The reactivity series is a list of metals ordered from most reactive to least reactive. Sometimes, it is called an activity series, especially if you are looking at American sources. You will often find the reactivity series with carbon and hydrogen, even though the two are not metals.

The reactivity series is:

 Reactivity series (most reactive to least reactive) Potassium, K Sodium, Na Calcium, Ca Magnesium, Mg Aluminium, AlCarbon, C Zinc, Zn Iron, Fe Tin, Sn Lead, PbHydrogen, H Copper, Cu Silver, Ag Gold, Au Platinum, Pt

Make sure you memorise this list by heart!

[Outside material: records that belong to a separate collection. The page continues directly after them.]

lemma nn_integral_rho_delta_dist_powr_le:
  fixes rho :: "'a::euclidean_space \<Rightarrow> real" and s :: real
  assumes [measurable]: "rho \<in> borel_measurable borel"
    and nonneg: "\<And>y. rho y \<ge> 0" and supp: "\<And>y. rho y \<noteq> 0 \<Longrightarrow> norm y \<le> 1"
    and M: "\<And>y. rho y \<le> M" and s: "0 < s" "s < DIM('a)"
  obtains K where "K \<ge> 0"
    "\<And>x z \<delta>. \<delta> > 0 \<Longrightarrow> z \<noteq> x \<Longrightarrow>
       (\<integral>\<^sup>+y. ennreal (rho_delta rho \<delta> (y - z) * dist x y powr (-s)) \<partial>lborel)
         \<le> ennreal (K * dist x z powr (-s))"
proof -
  obtain K where K: "K \<ge> 0" and ball: "\<And>(x::'a) z \<delta>. \<delta> > 0 \<Longrightarrow> z \<noteq> x \<Longrightarrow>
       (\<integral>\<^sup>+y. indicator (cball z \<delta>) y * ennreal (dist x y powr (-s)) \<partial>lborel)
         \<le> ennreal (K * \<delta> powr DIM('a) * dist x z powr (-s))"
    using nn_integral_lborel_cball_dist_powr_le[OF s] by blast
  have M0: "M \<ge> 0" using M[of 0] nonneg[of 0] by linarith
  have [measurable]: "\<And>(c::'a) r. cball c r \<in> sets borel" by simp
  have "(\<integral>\<^sup>+y. ennreal (rho_delta rho \<delta> (y - z) * dist x y powr (-s)) \<partial>lborel)
      \<le> ennreal ((M * K) * dist x z powr (-s))" if \<delta>: "\<delta> > 0" and zx: "z \<noteq> x" for x z :: 'a and \<delta>
  proof -
    define c where "c = M / \<delta> ^ DIM('a)"
    have c: "c \<ge> 0" unfolding c_def using M0 \<delta> by simp
    have pointwise: "ennreal (rho_delta rho \<delta> (y - z) * dist x y powr (-s))
        \<le> ennreal c * (indicator (cball z \<delta>) y * ennreal (dist x y powr (-s)))" for y
    proof -
      have "rho_delta rho \<delta> (y - z) \<le> c * indicator (cball z \<delta>) y"
        using rho_delta_le_indicator[OF supp M \<delta>, where w = "y - z"]
        by (simp add: c_def indicator_def dist_norm norm_minus_commute)
      hence "rho_delta rho \<delta> (y - z) * dist x y powr (-s) \<le> c * indicator (cball z \<delta>) y * dist x y powr (-s)"
        by (intro mult_right_mono) auto
      hence "ennreal (rho_delta rho \<delta> (y - z) * dist x y powr (-s))
          \<le> ennreal (c * indicator (cball z \<delta>) y * dist x y powr (-s))"
        by (rule ennreal_leI)
      also have "\<dots> = ennreal c * (indicator (cball z \<delta>) y * ennreal (dist x y powr (-s)))"
        using c by (simp add: ennreal_mult indicator_def)
      finally show ?thesis .
    qed
    have "(\<integral>\<^sup>+y. ennreal (rho_delta rho \<delta> (y - z) * dist x y powr (-s)) \<partial>lborel)
        \<le> (\<integral>\<^sup>+y. ennreal c * (indicator (cball z \<delta>) y * ennreal (dist x y powr (-s))) \<partial>lborel)"
      by (intro nn_integral_mono pointwise)
    also have "\<dots> = ennreal c * (\<integral>\<^sup>+y. indicator (cball z \<delta>) y * ennreal (dist x y powr (-s)) \<partial>lborel)"
      by (intro nn_integral_cmult) measurable
    also have "\<dots> \<le> ennreal c * ennreal (K * \<delta> powr DIM('a) * dist x z powr (-s))"
      using ball[OF \<delta> zx] by (rule mult_left_mono) simp
    also have "\<dots> = ennreal ((M * K) * dist x z powr (-s))"
      using c K \<delta> by (simp add: c_def ennreal_mult'[symmetric] powr_realpow mult.assoc)
    finally show ?thesis .
  qed
  with M0 K show ?thesis by (intro that[of "M * K"]) auto
qed

lemma bump_continuous:
  assumes "bump rho"
  shows "continuous_on UNIV rho"
proof -
  have "iter_pderiv [] rho differentiable_on UNIV"
    using assms unfolding bump_def smooth_fun_def by (metis empty_set empty_subsetI)
  thus ?thesis by (simp add: differentiable_imp_continuous_on)
qed

lemma bump_bounded:
  assumes "bump rho"
  obtains M where "\<And>y. rho y \<le> M"
proof -
  have "bounded (rho ` cball 0 1)"
    by (intro compact_imp_bounded compact_continuous_image
        continuous_on_subset[OF bump_continuous[OF assms]]) auto
  then obtain a where a: "\<And>y. y \<in> cball 0 1 \<Longrightarrow> norm (rho y) \<le> a"
    unfolding bounded_iff by (metis image_eqI)
  have supp: "\<And>y. rho y \<noteq> 0 \<Longrightarrow> norm y \<le> 1"
    using assms unfolding bump_def by blast
  have "rho y \<le> max a 0" for y
    using a[of y] supp[of y] by (cases "rho y = 0") auto
  thus ?thesis by (rule that)
qed

lemma bump_measurable: "bump rho \<Longrightarrow> rho \<in> borel_measurable borel"
  by (rule borel_measurable_continuous_onI[OF bump_continuous])

lemma nu_delta_nonneg:
  fixes rho :: "'a::euclidean_space \<Rightarrow> real"
  assumes "\<And>y. rho y \<ge> 0" and "\<delta> > 0"
  shows "nu_delta nu rho \<delta> x \<ge> 0"
  unfolding nu_delta_def using assms by (intro integral_nonneg_AE AE_I2 rho_delta_nonneg) auto

text \<open>Tonelli moves the mollifier onto the kernel; the kernel bound is only needed off \<open>x\<close>,
  which is a \<open>nu\<close>-null point.\<close>
lemma nn_integral_nu_delta_dist_powr_le:
  fixes nu :: "'a::euclidean_space measure" and s :: real
  assumes "finite_measure nu" and sets: "sets nu = sets borel"
    and [measurable]: "rho \<in> borel_measurable borel"
    and nonneg: "\<And>y. rho y \<ge> 0" and M: "\<And>y. rho y \<le> M" and \<delta>: "\<delta> > 0"
    and atom: "emeasure nu {x} = 0" and K: "K \<ge> 0"
    and kernel: "\<And>z. z \<noteq> x \<Longrightarrow>
       (\<integral>\<^sup>+y. ennreal (rho_delta rho \<delta> (y - z) * dist x y powr (-s)) \<partial>lborel)
         \<le> ennreal (K * dist x z powr (-s))"
  shows "(\<integral>\<^sup>+y. ennreal (nu_delta nu rho \<delta> y * dist x y powr (-s)) \<partial>lborel)
    \<le> ennreal K * (\<integral>\<^sup>+z. ennreal (dist x z powr (-s)) \<partial>nu)"
proof -
  interpret finite_measure nu by fact
  interpret P: pair_sigma_finite lborel nu
    by (intro pair_sigma_finite.intro sigma_finite_lborel sigma_finite_measure_axioms)
  have [measurable_cong]: "sets nu = sets borel" by (rule sets)
  define F where "F y z = ennreal (rho_delta rho \<delta> (y - z) * dist x y powr (-s))" for y z
  have Fm: "case_prod F \<in> borel_measurable (lborel \<Otimes>\<^sub>M nu)"
    unfolding F_def rho_delta_def by measurable
  have inner: "ennreal (nu_delta nu rho \<delta> y * dist x y powr (-s)) = (\<integral>\<^sup>+z. F y z \<partial>nu)" for y
  proof -
    have "norm (rho_delta rho \<delta> (y - z) * dist x y powr (-s)) \<le> M / \<delta> ^ DIM('a) * dist x y powr (-s)" for z
      using mult_right_mono[OF rho_delta_le[of rho, OF M \<delta>, of "y - z"] powr_ge_zero]
        rho_delta_nonneg[of rho, OF nonneg \<delta>] by (simp add: abs_mult)
    moreover have "(\<lambda>z. rho_delta rho \<delta> (y - z) * dist x y powr (-s)) \<in> borel_measurable nu"
      unfolding rho_delta_def by measurable
    ultimately have "integrable nu (\<lambda>z. rho_delta rho \<delta> (y - z) * dist x y powr (-s))"
      by (intro integrable_const_bound AE_I2)
    thus ?thesis
      unfolding F_def nu_delta_def integral_mult_left_zero[symmetric]
      using rho_delta_nonneg[of rho, OF nonneg \<delta>] by (intro nn_integral_eq_integral[symmetric]) auto
  qed
  have "AE z in nu. z \<noteq> x"
    by (rule AE_I[of _ _ "{x}"]) (auto simp: atom sets)
  hence kernel_AE: "AE z in nu. (\<integral>\<^sup>+y. F y z \<partial>lborel) \<le> ennreal K * ennreal (dist x z powr (-s))"
    using kernel K unfolding F_def by (auto simp: ennreal_mult)
  have "(\<integral>\<^sup>+y. ennreal (nu_delta nu rho \<delta> y * dist x y powr (-s)) \<partial>lborel)
      = (\<integral>\<^sup>+z. (\<integral>\<^sup>+y. F y z \<partial>lborel) \<partial>nu)"
    unfolding inner by (rule P.Fubini'[OF Fm, symmetric])
  also have "\<dots> \<le> (\<integral>\<^sup>+z. ennreal K * ennreal (dist x z powr (-s)) \<partial>nu)"
    by (rule nn_integral_mono_AE[OF kernel_AE])
  also have "\<dots> = ennreal K * (\<integral>\<^sup>+z. ennreal (dist x z powr (-s)) \<partial>nu)"
    by (intro nn_integral_cmult) measurable
  finally show ?thesis .
qed

lemma norm_nu_delta_beta_le:
  fixes nu :: "'a::euclidean_space measure" and \<beta> :: complex and s :: real
  assumes Re: "Re \<beta> = DIM('a) - s" and nonneg: "\<And>y. nu_delta nu rho \<delta> y \<ge> 0"
    and bound: "(\<integral>\<^sup>+y. ennreal (nu_delta nu rho \<delta> y * dist x y powr (-s)) \<partial>lborel) \<le> ennreal B"
    and B: "B \<ge> 0"
  shows "cmod (nu_delta_beta nu rho \<delta> \<beta> x) \<le> cmod (2 powr ((of_nat DIM('a) - \<beta>) / 2) / Gamma (\<beta> / 2)) * B"
proof -
  define f where "f y = of_real (nu_delta nu rho \<delta> y) * of_real (norm (x - y)) powr (\<beta> - of_nat DIM('a))" for y
  have "cmod (f y) = nu_delta nu rho \<delta> y * dist x y powr (-s)" for y
    using nonneg[of y] Re by (simp add: f_def norm_mult norm_powr_real_powr dist_norm)
  hence "(\<integral>y. cmod (f y) \<partial>lborel) \<le> B"
    using bound B by (intro integral_real_bounded) auto
  hence "cmod (integral\<^sup>L lborel f) \<le> B"
    using integral_norm_bound[of lborel f] by linarith
  thus ?thesis
    unfolding nu_delta_beta_def f_def[symmetric] norm_mult by (intro mult_left_mono) auto
qed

Of course memorising the whole list just by looking at it can seem really daunting, so it is useful to have a mnemonic to help you. Here’s one but of course, feel free to make up your own!

Police Sergeant Charlie MA(C)ZITL Has been Caught Stealing gold Plates.

Here is another one - Please Stop Calling Me A Careless Zebra Instead Try Learning How Copper Saves Gold and Platinum.

Memonics don't have to make sense, they just have to be fun. You will remember a memonic for a lot longer than you would remember a boring sequence of elements! Each letter in bold in these memonics corresponds to an element in the reactivity series.

From the reactivity series, you can see that potassium is the most reactive metal, and the least reactive is platinum. Phosphorous and sodium burns instantaneously when in contact with air. You will get a chance to see this in action in the chemistry lab. Then at the bottom of the list there is gold, silver and platinum. They are so unreactive that they are deemed safe for use in jewellery. For a substance to be used as jewellery it has to be very inert as you do not want it to react with your skin for the entirety of its life!

## How do we work out the order of the reactivity series?

To work out the order of the reactivity series, we obviously need to find out if one metal is more reactive than another metal. Reactivity is all about electrons. For metals, the reactivity of a metal depends on how easily it loses electrons. If it loses electrons really easily, it is really reactive, and so goes at the top of the reactivity series. Potasium and sodium lose electrons very easily. On the other hand, it is really hard for a metal like platinum to lose its electrons, so it is not reactive, so goes at the bottom.

In practice, we can work out reactivity by observing how a substance reacts with diifferent metals. We can see if the metal reacts with the substance instantly, if it reacts when more energy is added (e.g. heat), or if it does not react with the substance at all under any circumstance.

Let us see this in more detail, with two substances - water and acid - for better understanding.

### Reacting with water

We can compare how vigorously metals react with water. For example, alkali metals react very vigorously with water, whilst most other metals e.g. copper, do not react at all. When metals react with water, they produce a salt and hydrogen gas. The hydrogen gas appears as fiz. The fizzing is how we know if a metal has reacted or not.

$$Metal + Water \rightarrow Salt + H_{2(g)}$$

Fig. 1;: Calcium reacting with water | Mammoth Memory

We know that reactivity increases as you go down group 1, so we can already order the alkali metals in order of reactivity:

1. Potassium.
2. Sodium.
3. Lithium.

We can also put all the other metals below them, as they do not react with water at all, so they must be less reactive.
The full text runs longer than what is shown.